The Bermuda Triangle of Snuggles


Dear Laney,

Lately, your dad has taken over bedtime duty. Let me tell you how it's supposed to go:

1) 8:20p Into pajamas
2) 8:30p Bedtime story
3) 8:45p Lights off
4) 8:46p Goodnight kiss
5) 8:46:30p Dad comes downstairs and watches a TV program with Mom that doesn't involve saving a obscure animal by singing in Spanish.

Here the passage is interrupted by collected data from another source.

text \<open>The potential of an interior vertex is the total prescribed weight of the arrows after it, so
  consecutive differences recover the weights of the arrows; the coefficients c i absorb the
  defect of the branch sums, which is only allowed on the branches in M.\<close>

lemma span_weight_interpolates_arrows:
  fixes lam :: "nat \<Rightarrow> nat \<Rightarrow> complex"
  assumes M: "finite M" and L: "\<forall>j<n. 1 \<le> L j"
    and direct_not_M: "\<And>j. j < n \<Longrightarrow> L j = 1 \<Longrightarrow> j \<notin> M"
    and direct: "\<And>j. j < n \<Longrightarrow> L j = 1 \<Longrightarrow> lam j 0 = \<Lambda>"
    and long: "\<And>k. k < n \<Longrightarrow> 2 \<le> L k \<Longrightarrow> k \<notin> M \<Longrightarrow> (\<Sum>m<L k. lam k m) = \<Lambda>"
  obtains pot c where "\<And>v. v \<notin> vertices n L \<Longrightarrow> pot v = 0"
    and "\<And>j m. j < n \<Longrightarrow> m < L j \<Longrightarrow> span_weight L M c pot (Pth j m (Suc m)) = lam j m"
proof
  define pot where "pot v = (if v \<in> vertices n L then (case v of Src \<Rightarrow> \<Lambda> | Snk \<Rightarrow> 0
      | Mid j m \<Rightarrow> \<Sum>m'\<in>{m..<L j}. lam j m') else 0)" for v
  define c where "c i = (\<Sum>m<L i. lam i m) - \<Lambda>" for i
  show "v \<notin> vertices n L \<Longrightarrow> pot v = 0" for v by (simp add: pot_def)
  have pot_vpos: "pot (vpos L j m) = (if m = 0 then \<Lambda> else \<Sum>m'\<in>{m..<L j}. lam j m')"
    if "j < n" "m \<le> L j" for j m
    using that L by (auto simp: pot_def vpos_def vertices_def)
  fix j m assume j: "j < n" and m: "m < L j"
  have split: "(\<Sum>m'\<in>{m..<L j}. lam j m') = lam j m + (\<Sum>m'\<in>{Suc m..<L j}. lam j m')"
    by (rule sum.atLeast_Suc_lessThan[OF m])
  show "span_weight L M c pot (Pth j m (Suc m)) = lam j m"
  proof (cases "m = 0")
    case False
    thus ?thesis using j m split M by (simp add: span_weight_Pth pot_vpos)
  next
    case m0: True
    have sum0: "(\<Sum>m<L j. lam j m) = (\<Sum>m'\<in>{0..<L j}. lam j m')" by (simp add: atLeast0LessThan)
    consider "L j = 1" | "2 \<le> L j" "j \<in> M" | "2 \<le> L j" "j \<notin> M" using L j by fastforce
    thus ?thesis
    proof cases
      case 1 thus ?thesis using m0 j M direct direct_not_M by (simp add: span_weight_Pth pot_vpos)
    next
      case 2 thus ?thesis using m0 j M split sum0 by (simp add: span_weight_Pth pot_vpos c_def)
    next
      case 3 thus ?thesis using m0 j M split sum0 long[OF j] by (simp add: span_weight_Pth pot_vpos)
    qed
  qed
qed

lemma branch_combination_Pth:
  "(\<Sum>i<n. scal (c i) (bv (branch L i))) (Pth i j k) = (if i < n \<and> j = 0 \<and> k = L i then c i else 0)"
proof -
  have "(\<Sum>i'<n. scal (c i') (bv (branch L i')) (Pth i j k))
      = (\<Sum>i'<n. if i' = i then (if j = 0 \<and> k = L i then c i else 0) else 0)"
    by (rule sum.cong) (auto simp: scal_apply bv_apply branch_def)
  thus ?thesis by (simp add: sum_apply)
qed

lemma branch_combination_Triv: "(\<Sum>i<n. scal (c i) (bv (branch L i))) (Triv v) = 0"
  by (simp add: sum_apply scal_apply bv_apply branch_def)

lemma mult_vanishes_on_vertices_and_arrows:
  assumes "(\<forall>v. x (Triv v) = 0) \<and> (\<forall>i j. x (Pth i j (Suc j)) = 0)"
  shows "(\<forall>v. mult n L a x (Triv v) = 0) \<and> (\<forall>i j. mult n L a x (Pth i j (Suc j)) = 0)"
    and "(\<forall>v. mult n L x a (Triv v) = 0) \<and> (\<forall>i j. mult n L x a (Pth i j (Suc j)) = 0)"
proof -
  have "{j<..<Suc j} = {}" for j :: nat by auto
  hence "mult n L a x (Pth i j (Suc j)) = 0" "mult n L x a (Pth i j (Suc j)) = 0" for i j
    using assms by (cases "Pth i j (Suc j) \<in> paths n L"; simp add: mult_Pth mult_outside_paths)+
  moreover have "mult n L a x (Triv v) = 0" "mult n L x a (Triv v) = 0" for v
    using assms by (cases "v \<in> vertices n L"; simp add: mult_Triv mult_outside_paths)+
  ultimately show "(\<forall>v. mult n L a x (Triv v) = 0) \<and> (\<forall>i j. mult n L a x (Pth i j (Suc j)) = 0)"
    and "(\<forall>v. mult n L x a (Triv v) = 0) \<and> (\<forall>i j. mult n L x a (Pth i j (Suc j)) = 0)"
    by blast+
qed

section \<open>Toupie algebras\<close>

locale toupie_algebra =
  fixes n :: nat and L :: "nat \<Rightarrow> nat" and G :: "(path \<Rightarrow> complex) set"
  assumes branch_length_pos: "\<forall>i<n. 1 \<le> L i"
    and generators: "toupie_generators n L G"
begin

abbreviation I :: "(path \<Rightarrow> complex) set" where "I \<equiv> gen_ideal n L G"

lemma generator_cases:
  assumes "g \<in> G"
  obtains (monomial) i j k where "i < n" "j < k" "k \<le> L i" "2 \<le> k - j" "g = bv (Pth i j k)"
  | (nonmonomial) c where "\<forall>i<n. L i = 1 \<longrightarrow> c i = 0" "g = (\<Sum>i<n. scal (c i) (bv (branch L i)))"
  using assms generators unfolding toupie_generators_def by blast

text \<open>Every generator is supported on paths of length at least 2 (for non-monomial relations this
  is admissibility), and this property is stable under multiplication.\<close>

lemma ideal_vanishes_on_vertices_and_arrows:
  "x \<in> I \<Longrightarrow> (\<forall>v. x (Triv v) = 0) \<and> (\<forall>i j. x (Pth i j (Suc j)) = 0)"
proof (induction rule: gen_ideal.induct)
  case (gen g)
  thus ?case
    by (cases rule: generator_cases) (auto simp: bv_apply branch_combination_Pth branch_combination_Triv)
next
  case (lmult x a) show ?case by (intro mult_vanishes_on_vertices_and_arrows(1) lmult.IH)
next
  case (rmult x a) show ?case by (intro mult_vanishes_on_vertices_and_arrows(2) rmult.IH)
qed (auto simp: scal_apply)

lemma ideal_vanishes_on_arrows: "x \<in> I \<Longrightarrow> x (Pth i j (Suc j)) = 0"
  using ideal_vanishes_on_vertices_and_arrows by blast

lemma direct_branch_not_in_ideal:
  assumes "L j = 1"
  shows "bv (branch L j) \<notin> I"
proof
  assume "bv (branch L j) \<in> I"
  hence "bv (branch L j) (Pth j 0 (Suc 0)) = 0" by (rule ideal_vanishes_on_arrows)
  thus False using assms by (simp add: branch_def bv_apply)
qed

definition balanced_weight :: "(path \<Rightarrow> complex) \<Rightarrow> complex \<Rightarrow> bool" where
  "balanced_weight w \<Lambda> \<longleftrightarrow> additive_weight w \<and> (\<forall>k<n. bv (branch L k) \<notin> I \<longrightarrow> w (branch L k) = \<Lambda>)"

But let me tell you how it actually goes:


1) 8:20p NO! DON'T LIKE 'JAMAS!
2) 8:25p "I need go potty." Dad brings you downstairs. You produce two molecules of tee tee. "I did it! Look ev'body! Need piece o' candy."
3) 8:27p Back upstairs
4) 8:30p Don't like dat story. How 'bout dis one?
5) 8:45p NO! You don't do lights. I do lights ALL BY MYSELF.
6) 8:46p Dad starts snoring.
7) 8:47p You cuddle up to Dad, and the Burbach sweat-off begins.
8) 10:00p Mom gets tired of waiting on Dad to come back down. Goes to bed without him.
9) 2:00am Dad wakes up disoriented. Wonders why his head is wedged between a stuffed cat and a musical glow worm. And why is it so HOT? Stumbles downstairs.

You know what's going to be awesome? When we toss a newborn into this mix.